§ The task:
Find the word "only" in the records and copy every line where it occurs.

§ Saved data entries:
lemma smooth_on_homotopy_integrand:
  fixes A :: "'a::euclidean_space \<times> 'b::euclidean_space \<Rightarrow> 'a \<times> 'b"
  assumes S: "open S" and W: "open W" "smooth_on W A"
    and SW: "\<And>y. y \<in> S \<Longrightarrow> fibre_contraction z (fst y) (snd y) \<in> W"
  shows "smooth_on S (\<lambda>y. A (fibre_contraction z (fst y) (snd y)) \<bullet> (0, snd (fst y) - snd z))"
proof -
  let ?g = "\<lambda>y. fibre_contraction z (fst y) (snd y)"
  have w: "smooth_on S (\<lambda>y. (0, snd (fst y) - snd z) \<bullet> b)" for b :: "'a \<times> 'b"
  proof -
    have "(0, snd (fst y) - snd z) \<bullet> b = snd (fst y) \<bullet> snd b + - (snd z \<bullet> snd b)" for y :: "('a \<times> 'b) \<times> real"
      by (simp add: inner_prod_def inner_diff_left)
    then show ?thesis
      using S by (simp only:) (intro smooth_on_affine bounded_linear_intros)
  qed
  have gSW: "?g ` S \<subseteq> W"
    using SW by auto
  have A: "smooth_on W (\<lambda>x. A x \<bullet> b)" for b
    by (rule smooth_on_bounded_linear_compose[OF W(1) bounded_linear_inner_left W(2)])
  have "smooth_comp_gen S W ?g (\<lambda>y. (A (?g y) \<bullet> b) * ((0, snd (fst y) - snd z) \<bullet> b))" for b
    by (rule smooth_comp_gen.mult[OF smooth_comp_gen.comp[OF A] smooth_comp_gen.smooth[OF w]])
  then have "smooth_comp_gen S W ?g (\<lambda>y. \<Sum>b\<in>Basis. (A (?g y) \<bullet> b) * ((0, snd (fst y) - snd z) \<bullet> b))"
    by (rule smooth_comp_gen_sum[OF S finite_Basis])
  then have "smooth_on S (\<lambda>y. \<Sum>b\<in>Basis. (A (?g y) \<bullet> b) * ((0, snd (fst y) - snd z) \<bullet> b))"
    by (rule smooth_comp_gen_imp_smooth_on[OF S gSW smooth_on_inner_fibre_contraction[OF S]])
  then show ?thesis by (simp only: euclidean_inner[symmetric])
qed

lemma frechet_derivative_homotopy_integrand:
  fixes A :: "'a::euclidean_space \<times> 'b::euclidean_space \<Rightarrow> 'a \<times> 'b"
  assumes "A differentiable at (fibre_contraction z x s)" "fst v = 0"
  shows "frechet_derivative (\<lambda>y. A (fibre_contraction z (fst y) (snd y)) \<bullet> (0, snd (fst y) - snd z))
      (at (x, s)) (v, 0)
    = s * (frechet_derivative A (at (fibre_contraction z x s)) v \<bullet> (0, snd x - snd z))
      + A (fibre_contraction z x s) \<bullet> v"
proof -
  let ?c = "fibre_contraction z x s" and ?A' = "frechet_derivative A (at (fibre_contraction z x s))"
  have A': "(A has_derivative ?A') (at ((\<lambda>y. fibre_contraction z (fst y) (snd y)) (x, s)))"
    using assms(1) by (simp add: frechet_derivative_works)
  have c': "((\<lambda>y. fibre_contraction z (fst y) (snd y)) has_derivative
      (\<lambda>h. (fst (fst h), snd h *\<^sub>R (snd x - snd z) + s *\<^sub>R snd (fst h)))) (at (x, s))"
    unfolding fibre_contraction_def by (auto intro!: derivative_eq_intros simp: algebra_simps)
  have w': "((\<lambda>y. (0::'a, snd (fst y) - snd z)) has_derivative (\<lambda>h. (0, snd (fst h)))) (at (x, s))"
    by (auto intro!: derivative_eq_intros)
  have "((\<lambda>y. A (fibre_contraction z (fst y) (snd y)) \<bullet> (0, snd (fst y) - snd z)) has_derivative
      (\<lambda>h. A ?c \<bullet> (0, snd (fst h)) + ?A' (fst (fst h), snd h *\<^sub>R (snd x - snd z) + s *\<^sub>R snd (fst h))
        \<bullet> (0, snd x - snd z))) (at (x, s))"
    using has_derivative_inner[OF diff_chain_at[OF c' A'] w'] by (simp add: o_def)
  moreover have "(fst v, s *\<^sub>R snd v) = s *\<^sub>R v" "(0, snd v) = v"
    using assms(2) by (auto simp: prod_eq_iff)
  moreover have "?A' (s *\<^sub>R v) = s *\<^sub>R ?A' v"
    using linear_frechet_derivative[OF assms(1)] by (rule linear_scale)
  ultimately show ?thesis
    by (simp add: frechet_derivative_at_apply)
qed

lemma integral_homotopy_integrand:
  fixes A :: "'a::euclidean_space \<times> 'b::euclidean_space \<Rightarrow> 'a \<times> 'b"
  assumes "\<And>s. s \<in> {0..1} \<Longrightarrow> A differentiable at (fibre_contraction z x s)"
  shows "integral {0..1} (\<lambda>s. s * (frechet_derivative A (at (fibre_contraction z x s)) (0, snd x - snd z) \<bullet> v)
      + A (fibre_contraction z x s) \<bullet> v) = A x \<bullet> v"
proof -
  let ?F = "\<lambda>s. s * (A (fibre_contraction z x s) \<bullet> v)" and ?w = "(0, snd x - snd z)"
  have F': "(?F has_vector_derivative
      s * (frechet_derivative A (at (fibre_contraction z x s)) ?w \<bullet> v) + A (fibre_contraction z x s) \<bullet> v)
      (at s within {0..1})" if "s \<in> {0..1}" for s
  proof -
    let ?A' = "frechet_derivative A (at (fibre_contraction z x s))"
    have c': "((\<lambda>s. fibre_contraction z x s) has_derivative (\<lambda>h. h *\<^sub>R ?w)) (at s)"
      unfolding fibre_contraction_def by (auto intro!: derivative_eq_intros)
    have A': "(A has_derivative ?A') (at ((\<lambda>s. fibre_contraction z x s) s))"
      using assms[OF that] by (simp add: frechet_derivative_works)
    have "((\<lambda>s. A (fibre_contraction z x s) \<bullet> v) has_derivative (\<lambda>h. ?A' (h *\<^sub>R ?w) \<bullet> v)) (at s)"
      using bounded_linear.has_derivative[OF bounded_linear_inner_left diff_chain_at[OF c' A']]
      by (simp add: o_def)
    then have F': "(?F has_derivative (\<lambda>h. s * (?A' (h *\<^sub>R ?w) \<bullet> v) + h * (A (fibre_contraction z x s) \<bullet> v))) (at s)"
      using has_derivative_mult[OF has_derivative_ident] by fastforce
    have scale: "?A' (h *\<^sub>R ?w) = h *\<^sub>R ?A' ?w" for h
      using linear_frechet_derivative[OF assms[OF that]] by (rule linear_scale)
    have "(?F has_derivative (\<lambda>h. h *\<^sub>R (s * (?A' ?w \<bullet> v) + A (fibre_contraction z x s) \<bullet> v))) (at s)"
      by (rule has_derivative_eq_rhs[OF F']) (simp add: fun_eq_iff scale algebra_simps del: scaleR_Pair)
    then show ?thesis
      unfolding has_vector_derivative_def by (rule has_derivative_at_withinI)
  qed
  have "((\<lambda>s. s * (frechet_derivative A (at (fibre_contraction z x s)) ?w \<bullet> v)
      + A (fibre_contraction z x s) \<bullet> v) has_integral ?F 1 - ?F 0) {0..1}"
    by (rule fundamental_theorem_of_calculus) (use F' in auto)
  then show ?thesis by (simp add: integral_unique)
qed
lemma entry_inner_commute: "entry_inner r s X Y = entry_inner r s Y X"
  unfolding entry_inner_def by (simp add: mult.commute)

lemma entry_inner_add_right:
  assumes "Y \<in> carrier_mat r s" "Z \<in> carrier_mat r s"
  shows "entry_inner r s X (Y + Z) = entry_inner r s X Y + entry_inner r s X Z"
  unfolding entry_inner_def using assms by (auto simp: distrib_left sum.distrib intro!: sum.cong)

lemma entry_inner_add_left:
  assumes "Y \<in> carrier_mat r s" "Z \<in> carrier_mat r s"
  shows "entry_inner r s (Y + Z) X = entry_inner r s Y X + entry_inner r s Z X"
  using entry_inner_add_right[OF assms, of X] by (simp add: entry_inner_commute)

lemma entry_inner_smult_right:
  assumes "Y \<in> carrier_mat r s"
  shows "entry_inner r s X (c \<cdot>\<^sub>m Y) = c * entry_inner r s X Y"
  unfolding entry_inner_def using assms by (auto simp: sum_distrib_left mult.left_commute intro!: sum.cong)

lemma entry_inner_mult_left:
  assumes "X \<in> carrier_mat r s" "P \<in> carrier_mat r r'" "Y \<in> carrier_mat r' s"
  shows "entry_inner r s X (P * Y) = entry_inner r' s (transpose_mat P * X) Y"
proof -
  have "entry_inner r s X (P * Y) = (\<Sum>a<r. \<Sum>j<s. \<Sum>b<r'. X $$ (a, j) * P $$ (a, b) * Y $$ (b, j))"
    unfolding entry_inner_def using assms
    by (auto simp: scalar_prod_def atLeast0LessThan sum_distrib_left mult.assoc intro!: sum.cong)
  also have "\<dots> = (\<Sum>b<r'. \<Sum>j<s. \<Sum>a<r. X $$ (a, j) * P $$ (a, b) * Y $$ (b, j))"
    by (subst sum.swap, subst (2) sum.swap, subst sum.swap) (simp add: sum.swap[of _ "{..<r}"])
  also have "\<dots> = entry_inner r' s (transpose_mat P * X) Y"
    unfolding entry_inner_def using assms
    by (auto simp: scalar_prod_def atLeast0LessThan sum_distrib_left sum_distrib_right ac_simps intro!: sum.cong)
  finally show ?thesis .
qed
(* Assume the setting below and sharp missingness: $M_i(1)=M_i(0)$ for all $i$. Fix $\boldsymbol\delta\in\mathbb R^n$ and let $\mathcal S=\{i:M_i=1\}$, $n_{\mathcal S1}=\sum_{i\in\mathcal S}Z_i$, $n_{\mathcal S0}=|\mathcal S|-n_{\mathcal S1}$. Define $t_{\mathrm R,\phi,\mathcal S}(\boldsymbol z,\boldsymbol y)=t_{\mathrm R,\phi}(\boldsymbol z_{\mathcal S},\boldsymbol y_{\mathcal S})$ (statistic computed on the subvectors indexed by $\mathcal S$, original order kept) and $G_{\mathrm R,\phi,\mathcal S}(c)=\mathbb P(t_{\mathrm R,\phi,\mathcal S}(\boldsymbol A,\boldsymbol y_0)\ge c)$, where $\boldsymbol A_{\mathcal S}$ is uniform over assignments of the units of $\mathcal S$ with exactly $n_{\mathcal S1}$ treated and $\boldsymbol y_0\in\mathbb R^n$ is any fixed vector. Then $p_{\boldsymbol Z,\boldsymbol\delta,\mathcal S}=G_{\mathrm R,\phi,\mathcal S}\big(t_{\mathrm R,\phi,\mathcal S}(\boldsymbol Z,\boldsymbol Y-\boldsymbol\delta\circ\boldsymbol Z)\big)$ is a valid p-value for $H_{\boldsymbol\delta}:\boldsymbol\tau=\boldsymbol\delta$: if $H_{\boldsymbol\delta}$ holds, $\mathbb P(p_{\boldsymbol Z,\boldsymbol\delta,\mathcal S}\le\alpha)\le\alpha$ for all $\alpha\in(0,1)$.
   Context: There are $n$ units with fixed potential outcomes $Y_i^\star(0),Y_i^\star(1)\in\mathbb R$ and fixed potential missingness indicators $M_i(0),M_i(1)\in\{0,1\}$; $\tau_i=Y_i^\star(1)-Y_i^\star(0)$. $\boldsymbol Z\in\{0,1\}^n$ is from a completely randomized experiment: uniform over vectors with exactly $n_1$ ones ($n_1,n_0\ge1$ fixed, $n_1+n_0=n$), independent of all potential quantities; probabilities are over $\boldsymbol Z$. $M_i=Z_iM_i(1)+(1-Z_i)M_i(0)$; the realized outcome $Z_iY_i^\star(1)+(1-Z_i)Y_i^\star(0)$ is observed, denoted $Y_i$, iff $M_i=1$; only coordinates in $\mathcal S$ of $\boldsymbol Y-\boldsymbol\delta\circ\boldsymbol Z$ are used. $\circ$ is the entrywise product. $\psi_{i,j}(y,y')=\mathbf 1\{y>y'\}+\mathbf 1\{y=y'\}\mathbf 1\{i\ge j\}$; $\mathrm{rank}_i(\boldsymbol y)=\sum_j\psi_{i,j}(y_i,y_j)$; $\phi$ nondecreasing real function on the nonnegative integers; $t_{\mathrm R,\phi}(\boldsymbol z,\boldsymbol y)$ is either $\sum_i z_i\phi(\mathrm{rank}_i(\boldsymbol y))$ or $\sum_i z_i\phi(\sum_j(1-z_j)\psi_{i,j}(y_i,y_j))$ (sums over units of the given vectors); the result holds for either. *)

theory Defs
  imports "HOL-Probability.Probability_Mass_Function"
begin

text \<open>Units are indexed by 0..<n. Assignment vectors and missingness indicators are
nat-valued 0/1 vectors (functions nat => nat), outcome vectors are nat => real.\<close>

definition psi :: "nat \<Rightarrow> nat \<Rightarrow> real \<Rightarrow> real \<Rightarrow> nat" where
  "psi i j y y' = (if y > y' then 1 else 0) + (if y = y' \<and> i \<ge> j then 1 else 0)"

definition rank_vec :: "nat \<Rightarrow> (nat \<Rightarrow> real) \<Rightarrow> nat \<Rightarrow> nat" where
  "rank_vec k y i = (\<Sum>j<k. psi i j (y i) (y j))"

definition t_rank :: "(nat \<Rightarrow> real) \<Rightarrow> nat \<Rightarrow> (nat \<Rightarrow> nat) \<Rightarrow> (nat \<Rightarrow> real) \<Rightarrow> real" where
  "t_rank \<phi> k z y = (\<Sum>i<k. real (z i) * \<phi> (rank_vec k y i))"

definition t_ctrl :: "(nat \<Rightarrow> real) \<Rightarrow> nat \<Rightarrow> (nat \<Rightarrow> nat) \<Rightarrow> (nat \<Rightarrow> real) \<Rightarrow> real" where
  "t_ctrl \<phi> k z y = (\<Sum>i<k. real (z i) * \<phi> (\<Sum>j<k. (1 - z j) * psi i j (y i) (y j)))"

definition subvec :: "nat set \<Rightarrow> (nat \<Rightarrow> 'a) \<Rightarrow> nat \<Rightarrow> 'a" where
  "subvec S v k = v (sorted_list_of_set S ! k)"

definition t_sub :: "(nat \<Rightarrow> (nat \<Rightarrow> nat) \<Rightarrow> (nat \<Rightarrow> real) \<Rightarrow> real)
    \<Rightarrow> nat set \<Rightarrow> (nat \<Rightarrow> nat) \<Rightarrow> (nat \<Rightarrow> real) \<Rightarrow> real" where
  "t_sub tR S z y = tR (card S) (subvec S z) (subvec S y)"

definition assignments :: "nat set \<Rightarrow> nat \<Rightarrow> (nat \<Rightarrow> nat) set" where
  "assignments I m = {z. (\<forall>i. z i \<le> 1) \<and> (\<forall>i. i \<notin> I \<longrightarrow> z i = 0) \<and> (\<Sum>i\<in>I. z i) = m}"

definition G_sub :: "(nat \<Rightarrow> (nat \<Rightarrow> nat) \<Rightarrow> (nat \<Rightarrow> real) \<Rightarrow> real)
    \<Rightarrow> nat set \<Rightarrow> nat \<Rightarrow> (nat \<Rightarrow> real) \<Rightarrow> real \<Rightarrow> real" where
  "G_sub tR S m y0 c = measure_pmf.prob (pmf_of_set (assignments S m)) {a. t_sub tR S a y0 \<ge> c}"

definition observed_set :: "nat \<Rightarrow> (nat \<Rightarrow> nat) \<Rightarrow> (nat \<Rightarrow> nat) \<Rightarrow> (nat \<Rightarrow> nat) \<Rightarrow> nat set" where
  "observed_set n M0 M1 z = {i. i < n \<and> z i * M1 i + (1 - z i) * M0 i = 1}"

definition realized :: "(nat \<Rightarrow> real) \<Rightarrow> (nat \<Rightarrow> real) \<Rightarrow> (nat \<Rightarrow> nat) \<Rightarrow> nat \<Rightarrow> real" where
  "realized Y0 Y1 z i = real (z i) * Y1 i + (1 - real (z i)) * Y0 i"

definition p_value :: "(nat \<Rightarrow> (nat \<Rightarrow> nat) \<Rightarrow> (nat \<Rightarrow> real) \<Rightarrow> real) \<Rightarrow> nat
    \<Rightarrow> (nat \<Rightarrow> nat) \<Rightarrow> (nat \<Rightarrow> nat) \<Rightarrow> (nat \<Rightarrow> real) \<Rightarrow> (nat \<Rightarrow> real)
    \<Rightarrow> (nat \<Rightarrow> real) \<Rightarrow> (nat \<Rightarrow> real) \<Rightarrow> (nat \<Rightarrow> nat) \<Rightarrow> real" where
  "p_value tR n M0 M1 Y0 Y1 \<delta> y0 z =
    (let S = observed_set n M0 M1 z
     in G_sub tR S (\<Sum>i\<in>S. z i) y0
          (t_sub tR S z (\<lambda>i. realized Y0 Y1 z i - \<delta> i * real (z i))))"

end

(*
  Under sharp missingness the observed set S = {i. M_i = 1} does not depend on Z, and under
  H_delta the adjusted outcomes Y - delta o Z equal Y(0), so the p-value is the randomization
  p-value P(T(A) >= T(Z_S)) of the fixed statistic T(a) = t_{R,phi,S}(a, Y(0)), with A uniform
  over the assignments of S with n_{S1} treated units.  Conditionally on n_{S1} = m, Z_S is
  uniform over these assignments, since each of them extends in equally many ways to an
  assignment of all units.  A randomization p-value over a uniform reference set is valid: the
  points a with P(T(A) >= T(a)) <= alpha all lie above the one among them minimising T, so there
  are at most alpha times as many of them as reference points.

  That the reference distribution may be computed at any y0 is the distribution-freeness of rank
  statistics: they see the outcomes only through the permutation sorting them (ties broken by
  index), and the uniform assignment is invariant under that permutation.
*)

theory Submission
  imports Defs
begin

definition restrict_to :: "nat set \<Rightarrow> (nat \<Rightarrow> nat) \<Rightarrow> nat \<Rightarrow> nat" where
  "restrict_to I z i = (if i \<in> I then z i else 0)"

lemma finite_assignments:
  assumes "finite I"
  shows "finite (assignments I m)"
proof -
  have "assignments I m \<subseteq> (\<lambda>T i. if i \<in> T then 1 else 0) ` Pow I"
  proof
    fix z assume z: "z \<in> assignments I m"
    then have "z = (\<lambda>i. if i \<in> {i\<in>I. z i = 1} then 1 else 0)"
      unfolding assignments_def by (force simp: le_Suc_eq)
    then show "z \<in> (\<lambda>T i. if i \<in> T then 1 else 0) ` Pow I" by blast
  qed
  then show ?thesis using assms finite_subset by blast
qed

lemma assignments_nonempty:
  assumes "finite U" "m \<le> card U"
  shows "assignments U m \<noteq> {}"
proof -
  obtain T where T: "T \<subseteq> U" "card T = m" "finite T"
    using obtain_subset_with_card_n[OF assms(2)] by blast
  have "(\<Sum>i\<in>U. if i \<in> T then 1 else 0) = m"
    using T assms(1) by (simp add: sum.If_cases Int_absorb1)
  then have "(\<lambda>i. if i \<in> T then 1 else 0) \<in> assignments U m"
    using T unfolding assignments_def by auto
  then show ?thesis by blast
qed

lemma restrict_to_in_assignments:
  "z \<in> assignments U n \<Longrightarrow> restrict_to I z \<in> assignments I (\<Sum>i\<in>I. z i)"
  unfolding assignments_def restrict_to_def by simp

lemma add_in_assignments:
  assumes "I \<inter> J = {}" "a \<in> assignments I m" "b \<in> assignments J k"
    "finite I" "finite J"
  shows "(\<lambda>i. a i + b i) \<in> assignments (I \<union> J) (m + k)"
proof -
  have a0: "\<forall>i. i \<notin> I \<longrightarrow> a i = 0" and b0: "\<forall>i. i \<notin> J \<longrightarrow> b i = 0"
    using assms(2,3) unfolding assignments_def by auto
  then have "\<forall>i\<in>J. a i = 0" "\<forall>i\<in>I. b i = 0"
    using assms(1) by auto
  then have "(\<Sum>i\<in>I \<union> J. a i + b i) = (\<Sum>i\<in>I. a i) + (\<Sum>i\<in>J. b i)"
    using assms(1,4,5) by (simp add: sum.union_disjoint sum.distrib)
  moreover have "a i + b i \<le> 1" for i
    using assms(2,3) a0 \<open>\<forall>i\<in>I. b i = 0\<close> unfolding assignments_def
    by (cases "i \<in> I") auto
  ultimately show ?thesis using assms(2,3) unfolding assignments_def by auto
qed

lemma bij_betw_assignments:
  assumes "bij_betw h I J"
  shows "bij_betw (\<lambda>a x. if x \<in> I then a (h x) else 0) (assignments J m) (assignments I m)"
proof (rule bij_betw_byWitness[where f'="\<lambda>b y. if y \<in> J then b (inv_into I h y) else 0"])
  have hJ: "\<And>x. x \<in> I \<Longrightarrow> h x \<in> J" and h'I: "\<And>y. y \<in> J \<Longrightarrow> inv_into I h y \<in> I"
    using assms bij_betwE bij_betw_inv_into by blast+
  have hh': "\<And>y. y \<in> J \<Longrightarrow> h (inv_into I h y) = y"
    using assms bij_betw_inv_into_right by metis
  have h'h: "\<And>x. x \<in> I \<Longrightarrow> inv_into I h (h x) = x"
    using assms bij_betw_inv_into_left by metis
  show "\<forall>a\<in>assignments J m. (\<lambda>y. if y \<in> J then (if inv_into I h y \<in> I
          then a (h (inv_into I h y)) else 0) else 0) = a"
    using hh' h'I unfolding assignments_def by auto
  show "\<forall>a\<in>assignments I m. (\<lambda>x. if x \<in> I then (if h x \<in> J
          then a (inv_into I h (h x)) else 0) else 0) = a"
    using h'h hJ unfolding assignments_def by auto
  have "(\<Sum>x\<in>I. a (h x)) = (\<Sum>y\<in>J. a y)" for a :: "nat \<Rightarrow> nat"
    using sum.reindex_bij_betw[OF assms] .
  then show "(\<lambda>a x. if x \<in> I then a (h x) else 0) ` assignments J m \<subseteq> assignments I m"
    unfolding assignments_def by auto
  have "(\<Sum>y\<in>J. a (inv_into I h y)) = (\<Sum>x\<in>I. a x)" for a :: "nat \<Rightarrow> nat"
    using sum.reindex_bij_betw[OF bij_betw_inv_into[OF assms]] .
  then show "(\<lambda>b y. if y \<in> J then b (inv_into I h y) else 0) ` assignments I m \<subseteq> assignments J m"
    unfolding assignments_def by auto
qed

lemma restrict_to_add_assignments:
  assumes "I \<inter> J = {}" "a \<in> assignments I m" "b \<in> assignments J k"
  shows "restrict_to I (\<lambda>i. a i + b i) = a" "(\<Sum>i\<in>I. a i + b i) = m"
proof -
  have "\<forall>i. i \<notin> I \<longrightarrow> a i = 0" "\<forall>i. i \<notin> J \<longrightarrow> b i = 0" "(\<Sum>i\<in>I. a i) = m"
    using assms(2,3) unfolding assignments_def by auto
  moreover have "\<forall>i\<in>I. b i = 0"
    using calculation(2) assms(1) by auto
  ultimately show "restrict_to I (\<lambda>i. a i + b i) = a" "(\<Sum>i\<in>I. a i + b i) = m"
    by (auto simp: restrict_to_def fun_eq_iff sum.distrib)
qed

§ Task output:
      using S by (simp only:) (intro smooth_on_affine bounded_linear_intros)
  then show ?thesis by (simp only: euclidean_inner[symmetric])
   Context: There are $n$ units with fixed potential outcomes $Y_i^\star(0),Y_i^\star(1)\in\mathbb R$ and fixed potential missingness indicators $M_i(0),M_i(1)\in\{0,1\}$; $\tau_i=Y_i^\star(1)-Y_i^\star(0)$. $\boldsymbol Z\in\{0,1\}^n$ is from a completely randomized experiment: uniform over vectors with exactly $n_1$ ones ($n_1,n_0\ge1$ fixed, $n_1+n_0=n$), independent of all potential quantities; probabilities are over $\boldsymbol Z$. $M_i=Z_iM_i(1)+(1-Z_i)M_i(0)$; the realized outcome $Z_iY_i^\star(1)+(1-Z_i)Y_i^\star(0)$ is observed, denoted $Y_i$, iff $M_i=1$; only coordinates in $\mathcal S$ of $\boldsymbol Y-\boldsymbol\delta\circ\boldsymbol Z$ are used. $\circ$ is the entrywise product. $\psi_{i,j}(y,y')=\mathbf 1\{y>y'\}+\mathbf 1\{y=y'\}\mathbf 1\{i\ge j\}$; $\mathrm{rank}_i(\boldsymbol y)=\sum_j\psi_{i,j}(y_i,y_j)$; $\phi$ nondecreasing real function on the nonnegative integers; $t_{\mathrm R,\phi}(\boldsymbol z,\boldsymbol y)$ is either $\sum_i z_i\phi(\mathrm{rank}_i(\boldsymbol y))$ or $\sum_i z_i\phi(\sum_j(1-z_j)\psi_{i,j}(y_i,y_j))$ (sums over units of the given vectors); the result holds for either. *)
  statistics: they see the outcomes only through the permutation sorting them (ties broken by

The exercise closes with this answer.